(MATERIAL FOR THE TASK)

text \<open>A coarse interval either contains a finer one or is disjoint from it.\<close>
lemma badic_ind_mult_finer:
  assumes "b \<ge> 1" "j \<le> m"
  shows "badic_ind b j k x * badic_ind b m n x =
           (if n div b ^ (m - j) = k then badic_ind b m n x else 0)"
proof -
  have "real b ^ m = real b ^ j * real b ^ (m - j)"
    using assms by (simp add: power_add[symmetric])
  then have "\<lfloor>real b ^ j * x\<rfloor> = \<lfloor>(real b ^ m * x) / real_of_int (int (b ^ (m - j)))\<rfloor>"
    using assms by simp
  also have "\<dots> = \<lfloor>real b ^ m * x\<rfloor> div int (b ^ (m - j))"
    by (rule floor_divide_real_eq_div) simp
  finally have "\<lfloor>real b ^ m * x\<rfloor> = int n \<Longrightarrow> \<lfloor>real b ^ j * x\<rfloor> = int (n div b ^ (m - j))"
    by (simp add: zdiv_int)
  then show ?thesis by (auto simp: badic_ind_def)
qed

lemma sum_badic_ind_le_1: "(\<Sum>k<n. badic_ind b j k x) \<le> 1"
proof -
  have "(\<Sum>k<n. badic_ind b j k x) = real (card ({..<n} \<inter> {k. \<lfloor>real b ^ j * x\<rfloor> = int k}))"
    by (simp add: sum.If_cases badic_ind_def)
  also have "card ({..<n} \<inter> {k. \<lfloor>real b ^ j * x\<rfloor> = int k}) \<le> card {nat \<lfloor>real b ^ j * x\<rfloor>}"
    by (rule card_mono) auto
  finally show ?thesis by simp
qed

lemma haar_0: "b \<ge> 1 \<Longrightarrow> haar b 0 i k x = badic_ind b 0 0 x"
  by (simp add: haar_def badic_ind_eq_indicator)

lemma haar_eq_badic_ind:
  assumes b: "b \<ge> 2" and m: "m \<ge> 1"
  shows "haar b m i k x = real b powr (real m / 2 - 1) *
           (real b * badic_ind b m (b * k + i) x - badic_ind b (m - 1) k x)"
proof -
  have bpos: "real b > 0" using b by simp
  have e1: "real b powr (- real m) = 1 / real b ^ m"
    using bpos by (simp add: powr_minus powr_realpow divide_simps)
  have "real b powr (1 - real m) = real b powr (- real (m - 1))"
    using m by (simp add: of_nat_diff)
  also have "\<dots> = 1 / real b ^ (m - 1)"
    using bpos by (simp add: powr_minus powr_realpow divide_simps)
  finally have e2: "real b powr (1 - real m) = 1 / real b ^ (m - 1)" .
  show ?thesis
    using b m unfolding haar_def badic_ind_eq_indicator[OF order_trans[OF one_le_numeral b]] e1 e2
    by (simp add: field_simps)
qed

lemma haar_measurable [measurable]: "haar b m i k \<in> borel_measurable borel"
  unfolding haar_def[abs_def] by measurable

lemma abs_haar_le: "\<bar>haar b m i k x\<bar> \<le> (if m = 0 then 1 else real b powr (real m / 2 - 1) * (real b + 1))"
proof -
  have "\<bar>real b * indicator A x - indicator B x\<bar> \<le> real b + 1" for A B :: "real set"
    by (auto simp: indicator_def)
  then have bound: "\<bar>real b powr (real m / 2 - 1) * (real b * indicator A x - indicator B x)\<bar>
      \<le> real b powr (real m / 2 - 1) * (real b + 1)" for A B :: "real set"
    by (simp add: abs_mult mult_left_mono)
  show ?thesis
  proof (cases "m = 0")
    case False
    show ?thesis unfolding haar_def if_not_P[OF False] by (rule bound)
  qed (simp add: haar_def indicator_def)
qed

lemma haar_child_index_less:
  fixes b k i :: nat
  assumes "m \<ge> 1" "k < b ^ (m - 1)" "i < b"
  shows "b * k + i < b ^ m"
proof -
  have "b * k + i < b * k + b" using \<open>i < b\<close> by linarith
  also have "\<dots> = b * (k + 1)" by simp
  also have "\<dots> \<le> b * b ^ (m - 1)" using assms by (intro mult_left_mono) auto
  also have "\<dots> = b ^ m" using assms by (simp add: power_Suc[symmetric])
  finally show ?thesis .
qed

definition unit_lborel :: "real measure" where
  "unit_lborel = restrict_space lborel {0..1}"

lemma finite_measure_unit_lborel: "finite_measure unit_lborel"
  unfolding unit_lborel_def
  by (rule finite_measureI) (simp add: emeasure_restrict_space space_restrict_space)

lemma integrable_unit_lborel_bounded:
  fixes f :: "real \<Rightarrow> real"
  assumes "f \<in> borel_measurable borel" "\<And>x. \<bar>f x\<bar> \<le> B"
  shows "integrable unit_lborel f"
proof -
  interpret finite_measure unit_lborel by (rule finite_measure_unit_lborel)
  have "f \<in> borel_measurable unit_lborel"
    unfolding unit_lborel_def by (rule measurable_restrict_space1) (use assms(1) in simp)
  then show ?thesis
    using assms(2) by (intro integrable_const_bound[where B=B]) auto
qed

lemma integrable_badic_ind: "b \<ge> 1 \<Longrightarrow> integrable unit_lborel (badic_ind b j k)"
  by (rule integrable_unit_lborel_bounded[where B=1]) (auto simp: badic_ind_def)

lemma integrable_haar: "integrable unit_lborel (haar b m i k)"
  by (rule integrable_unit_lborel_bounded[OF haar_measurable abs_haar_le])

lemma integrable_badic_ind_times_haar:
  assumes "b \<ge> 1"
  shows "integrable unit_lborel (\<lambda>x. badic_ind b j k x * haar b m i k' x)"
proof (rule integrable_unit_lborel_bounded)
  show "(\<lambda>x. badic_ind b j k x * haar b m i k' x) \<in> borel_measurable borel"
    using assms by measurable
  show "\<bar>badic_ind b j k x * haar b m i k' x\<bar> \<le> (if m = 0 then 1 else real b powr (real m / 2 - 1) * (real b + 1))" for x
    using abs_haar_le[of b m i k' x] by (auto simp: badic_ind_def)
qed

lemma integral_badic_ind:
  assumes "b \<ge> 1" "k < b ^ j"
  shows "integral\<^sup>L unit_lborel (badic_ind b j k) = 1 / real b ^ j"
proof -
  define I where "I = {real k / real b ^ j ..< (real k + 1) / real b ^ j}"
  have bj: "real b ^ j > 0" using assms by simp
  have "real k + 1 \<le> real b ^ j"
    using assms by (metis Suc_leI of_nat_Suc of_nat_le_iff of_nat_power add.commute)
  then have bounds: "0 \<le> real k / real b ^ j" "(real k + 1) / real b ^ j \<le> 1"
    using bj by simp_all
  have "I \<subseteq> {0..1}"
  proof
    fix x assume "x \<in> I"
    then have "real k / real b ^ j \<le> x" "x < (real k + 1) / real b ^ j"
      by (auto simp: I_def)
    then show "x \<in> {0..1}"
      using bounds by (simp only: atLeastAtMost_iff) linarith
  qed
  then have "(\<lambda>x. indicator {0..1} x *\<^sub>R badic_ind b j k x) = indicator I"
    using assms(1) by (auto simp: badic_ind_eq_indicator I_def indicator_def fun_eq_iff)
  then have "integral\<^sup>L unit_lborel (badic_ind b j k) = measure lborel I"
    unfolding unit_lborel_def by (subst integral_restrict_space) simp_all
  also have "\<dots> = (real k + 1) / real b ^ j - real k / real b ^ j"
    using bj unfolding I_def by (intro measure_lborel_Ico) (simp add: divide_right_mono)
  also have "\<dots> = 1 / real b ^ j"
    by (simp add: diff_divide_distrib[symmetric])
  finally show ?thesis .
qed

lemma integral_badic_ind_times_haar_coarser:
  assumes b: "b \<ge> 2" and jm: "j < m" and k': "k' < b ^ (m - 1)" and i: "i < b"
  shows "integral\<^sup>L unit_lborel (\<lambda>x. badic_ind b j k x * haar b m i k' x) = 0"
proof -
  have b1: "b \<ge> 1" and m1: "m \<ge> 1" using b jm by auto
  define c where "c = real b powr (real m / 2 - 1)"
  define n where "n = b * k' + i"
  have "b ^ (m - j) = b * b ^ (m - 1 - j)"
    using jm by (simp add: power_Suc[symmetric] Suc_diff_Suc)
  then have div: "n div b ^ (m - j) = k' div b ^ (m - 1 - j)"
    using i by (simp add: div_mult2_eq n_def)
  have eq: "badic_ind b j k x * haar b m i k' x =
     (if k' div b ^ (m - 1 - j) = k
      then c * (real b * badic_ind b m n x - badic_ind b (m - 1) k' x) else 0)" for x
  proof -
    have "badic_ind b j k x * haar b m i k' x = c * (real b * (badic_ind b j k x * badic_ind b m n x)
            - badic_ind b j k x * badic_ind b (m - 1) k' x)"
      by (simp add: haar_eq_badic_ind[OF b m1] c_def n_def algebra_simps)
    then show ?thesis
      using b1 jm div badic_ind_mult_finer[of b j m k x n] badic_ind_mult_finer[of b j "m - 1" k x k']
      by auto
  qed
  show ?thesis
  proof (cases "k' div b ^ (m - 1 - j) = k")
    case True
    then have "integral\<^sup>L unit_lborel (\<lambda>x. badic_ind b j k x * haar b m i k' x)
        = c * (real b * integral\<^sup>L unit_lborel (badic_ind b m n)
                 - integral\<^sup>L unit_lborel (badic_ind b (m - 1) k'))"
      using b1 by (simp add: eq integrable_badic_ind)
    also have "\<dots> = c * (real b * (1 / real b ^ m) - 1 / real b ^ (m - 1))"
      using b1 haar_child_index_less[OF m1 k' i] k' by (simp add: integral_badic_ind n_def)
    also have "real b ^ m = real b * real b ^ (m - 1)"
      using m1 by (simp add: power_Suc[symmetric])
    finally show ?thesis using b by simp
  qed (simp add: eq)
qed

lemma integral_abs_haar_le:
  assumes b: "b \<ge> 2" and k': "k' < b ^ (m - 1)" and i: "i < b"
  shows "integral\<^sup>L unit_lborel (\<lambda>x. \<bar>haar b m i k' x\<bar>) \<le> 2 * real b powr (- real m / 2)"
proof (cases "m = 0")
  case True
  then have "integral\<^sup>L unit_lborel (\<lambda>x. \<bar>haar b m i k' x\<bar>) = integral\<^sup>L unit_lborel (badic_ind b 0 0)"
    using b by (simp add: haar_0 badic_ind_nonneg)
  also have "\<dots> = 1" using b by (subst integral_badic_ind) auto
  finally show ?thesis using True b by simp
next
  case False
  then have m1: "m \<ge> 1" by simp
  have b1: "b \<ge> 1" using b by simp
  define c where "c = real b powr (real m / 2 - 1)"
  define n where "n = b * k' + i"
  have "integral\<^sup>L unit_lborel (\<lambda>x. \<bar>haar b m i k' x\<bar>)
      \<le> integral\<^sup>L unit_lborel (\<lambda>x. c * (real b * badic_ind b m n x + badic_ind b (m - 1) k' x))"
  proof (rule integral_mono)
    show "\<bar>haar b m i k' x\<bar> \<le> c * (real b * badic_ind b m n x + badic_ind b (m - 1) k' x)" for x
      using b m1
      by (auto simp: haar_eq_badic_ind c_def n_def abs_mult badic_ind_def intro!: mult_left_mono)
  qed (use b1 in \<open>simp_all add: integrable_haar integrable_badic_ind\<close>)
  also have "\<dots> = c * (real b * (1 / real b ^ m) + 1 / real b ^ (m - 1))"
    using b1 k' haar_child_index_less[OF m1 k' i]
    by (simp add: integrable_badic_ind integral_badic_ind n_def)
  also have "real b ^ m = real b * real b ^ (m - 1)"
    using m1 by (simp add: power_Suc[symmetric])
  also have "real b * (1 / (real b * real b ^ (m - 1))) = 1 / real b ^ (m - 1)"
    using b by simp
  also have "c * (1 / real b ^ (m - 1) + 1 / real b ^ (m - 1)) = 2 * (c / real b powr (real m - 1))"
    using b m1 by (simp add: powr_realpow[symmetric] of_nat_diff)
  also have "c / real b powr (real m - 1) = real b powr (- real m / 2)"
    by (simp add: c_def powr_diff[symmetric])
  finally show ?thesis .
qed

(End MATERIAL FOR THE TASK)

TASK GOAL:
The output should be exactly the lines above from the line containing "indicator B x\<bar>" to the line containing "1 \<Longrightarrow> integrable", inclusive, with no other lines.

PROBLEM SOLUTION:
  have "\<bar>real b * indicator A x - indicator B x\<bar> \<le> real b + 1" for A B :: "real set"
    by (auto simp: indicator_def)
  then have bound: "\<bar>real b powr (real m / 2 - 1) * (real b * indicator A x - indicator B x)\<bar>
      \<le> real b powr (real m / 2 - 1) * (real b + 1)" for A B :: "real set"
    by (simp add: abs_mult mult_left_mono)
  show ?thesis
  proof (cases "m = 0")
    case False
    show ?thesis unfolding haar_def if_not_P[OF False] by (rule bound)
  qed (simp add: haar_def indicator_def)
qed

lemma haar_child_index_less:
  fixes b k i :: nat
  assumes "m \<ge> 1" "k < b ^ (m - 1)" "i < b"
  shows "b * k + i < b ^ m"
proof -
  have "b * k + i < b * k + b" using \<open>i < b\<close> by linarith
  also have "\<dots> = b * (k + 1)" by simp
  also have "\<dots> \<le> b * b ^ (m - 1)" using assms by (intro mult_left_mono) auto
  also have "\<dots> = b ^ m" using assms by (simp add: power_Suc[symmetric])
  finally show ?thesis .
qed

definition unit_lborel :: "real measure" where
  "unit_lborel = restrict_space lborel {0..1}"

lemma finite_measure_unit_lborel: "finite_measure unit_lborel"
  unfolding unit_lborel_def
  by (rule finite_measureI) (simp add: emeasure_restrict_space space_restrict_space)

lemma integrable_unit_lborel_bounded:
  fixes f :: "real \<Rightarrow> real"
  assumes "f \<in> borel_measurable borel" "\<And>x. \<bar>f x\<bar> \<le> B"
  shows "integrable unit_lborel f"
proof -
  interpret finite_measure unit_lborel by (rule finite_measure_unit_lborel)
  have "f \<in> borel_measurable unit_lborel"
    unfolding unit_lborel_def by (rule measurable_restrict_space1) (use assms(1) in simp)
  then show ?thesis
    using assms(2) by (intro integrable_const_bound[where B=B]) auto
qed

lemma integrable_badic_ind: "b \<ge> 1 \<Longrightarrow> integrable unit_lborel (badic_ind b j k)"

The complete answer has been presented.